But today I am going in to work the evening shift and before that I am going to a Joint Occupational Health and Safety meeting as the representative for my union/for my co-workers.
Without going into details , my work is becoming more dangerous for frontline workers.
This week a co-worker was assaulted - a woman very close to retirement. Unfortunately this is an all too common event.
And my "official " job today is to ask what is going to be done about this. How are you going to protect us to the maximum degree possible? I can anticipate the answers - and the answers will be unacceptable - and from there I will sit and feel immense responsibility and have to decide what to do next.
A co-worker said to me last evening " I always feel better when you are here-you speak for us." Another co-worker said to me " I don't understand why do they not care about us and our safety-we are everything-where would they be if we were not here?" I tried to explain to her in some ways it is like a war. There are generals who make decisions and there are the workers , footsoldiers who are expected to obediently follow orders and go out and get injured and killed and not to question and not to disobey-footsoldiers in the everyday world of working to live.
I think it is harder for nurses and teachers and social workers etc to understand this sometimes because we are drawn to our work generally because we care-it is our job to care. Particularly in female dominated occupations we reflect and in some ways reproduce the role of women in the family, in the domestic or reproductive sphere of economic activity.

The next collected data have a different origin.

lemma five_less_double_power_add_power:
  fixes p :: nat
  assumes "3 < p" "d \<noteq> e"
  shows "5 < 2 * p ^ d + p ^ e"
proof -
  have "d \<noteq> 0 \<or> e \<noteq> 0" using assms(2) by auto
  then have "p \<le> p ^ d \<or> p \<le> p ^ e" using assms(1) by (auto simp: self_le_power)
  moreover have "1 \<le> p ^ d" "1 \<le> p ^ e" using assms(1) by (simp_all add: one_le_power)
  ultimately show ?thesis using assms(1) by arith
qed

theorem corollary3p9:
  fixes p d e n :: nat
  assumes "prime p" and "odd p" and "d \<noteq> e" and "n = 2 * p ^ d + p ^ e"
  shows "(p = 3 \<and> n = 5 \<longrightarrow>
            c_count 3 0 5 = 6 \<and> c_count 3 1 5 = 8 \<and> c_count 3 2 5 = 2)
       \<and> (p = 3 \<and> n > 5 \<longrightarrow>
            c_count 3 0 n = 6 * 2 ^ (n - 5) \<and>
            c_count 3 1 n = 5 * 2 ^ (n - 5) \<and>
            c_count 3 (-1) n = 5 * 2 ^ (n - 5))
       \<and> (p > 3 \<longrightarrow>
            c_count p 0 n = 6 * 2 ^ (n - 5) \<and>
            c_count p 1 n = 4 * 2 ^ (n - 5) \<and>
            c_count p (-1) n = 4 * 2 ^ (n - 5) \<and>
            c_count p 2 n = 2 ^ (n - 5) \<and>
            c_count p (-2) n = 2 ^ (n - 5) \<and>
            (\<forall>i::int. \<not> [i = 0] (mod int p) \<and> \<not> [i = 1] (mod int p) \<and>
                \<not> [i = -1] (mod int p) \<and> \<not> [i = 2] (mod int p) \<and>
                \<not> [i = -2] (mod int p) \<longrightarrow> c_count p i n = 0))"
proof (intro conjI impI)
  show "c_count 3 0 5 = 6" "c_count 3 1 5 = 8" "c_count 3 2 5 = 2"
    by (fact c_count_3_5_values)+
next
  assume "p = 3 \<and> n > 5"
  then have "c_count 3 i n = 2 ^ (n - 5) * (6 * of_bool ([i = 0] (mod 3))
      + 4 * (of_bool ([i = 1] (mod 3)) + of_bool ([i = -1] (mod 3)))
      + of_bool ([i = 2] (mod 3)) + of_bool ([i = -2] (mod 3)))" for i
    using c_count_formula[OF assms] by simp
  then show "c_count 3 0 n = 6 * 2 ^ (n - 5)" "c_count 3 1 n = 5 * 2 ^ (n - 5)"
    "c_count 3 (-1) n = 5 * 2 ^ (n - 5)"
    by (simp_all add: cong_def)
next
  assume "p > 3"
  then have "4 < int p" using \<open>odd p\<close> by (cases "p = 4") auto
  note count = c_count_formula[OF assms five_less_double_power_add_power[OF \<open>p > 3\<close> \<open>d \<noteq> e\<close>, folded assms(4)]]
  show "c_count p 0 n = 6 * 2 ^ (n - 5)" "c_count p 1 n = 4 * 2 ^ (n - 5)"
    "c_count p (-1) n = 4 * 2 ^ (n - 5)" "c_count p 2 n = 2 ^ (n - 5)" "c_count p (-2) n = 2 ^ (n - 5)"
    using \<open>4 < int p\<close> by (simp_all add: count cong_iff_eq_if_abs_diff_less)
  show "\<forall>i::int. \<not> [i = 0] (mod int p) \<and> \<not> [i = 1] (mod int p) \<and>
      \<not> [i = -1] (mod int p) \<and> \<not> [i = 2] (mod int p) \<and>
      \<not> [i = -2] (mod int p) \<longrightarrow> c_count p i n = 0"
    by (simp add: count)
qed

end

And we are discouraged from caring about ourselves, standing up for ourselves and fighting back when we are abused.
So there is a reality gap , a contradiction that arises in the minds of some of my co-workers (not all-many of us have it straight.) They simply cannot understand why the employers are not outraged when they get injured and why the employer does not just say outright -this is unacceptable.
I look at the fear in their eyes and the weariness . I see signs of mild to even severe unacknowledged post traumatic stress-how we startle when we hear a noise, how we hold back the fear and the tears -how we are still able to laugh with each other.
Another worker said "there is only one good thing that has happened here and that is that we get closer and care about each other more and learn how to support each other better." Just another way of saying there is solidarity despite it all.
I have talked for years against the team concept - tried to articulate the contradictions and expose the illusions-I have even told my boss outright that my idea of team and his are totally different-but no talk can expose the bull.... real events will do that better.
There is a tradition of "debriefing" with the management after a critical event. I was so happy when last night we told them no we will do it ourselves or find our own way to deal with our hurt and our anger. We talked about how it was not safe -because victims feel guilt always and always say "what could I have done to prevent this from happening-maybe it is my fault." And without fail that is exploited by the management-crafty as they are .

What may seem obvious to me -is not obvious to so many and it is my job to explain and to sow seeds of protest and introduce more questions and point out how we have so much in common with workers in factories and in the public sector everywhere, and how we have to fight back and organize and push our union leadership to do the job right.And if they will not-then maybe just maybe we will have to do it ourselves.
This time we may not be successful- but we do not forget. Now we face layoffs and it will get worse . We know that.
So i will get ready for my safety meeting - and i will muster up not my courage but the need to channel and contain my rage and my emotions and see what happens .
As I write I feel the tears coming to my eyes-delayed tears because since Wednesday evening I have been too consumed with rage to cry.
I will not cry in front of the boss-but today I will do my best to honour MAY DAY even in the smallest way possible.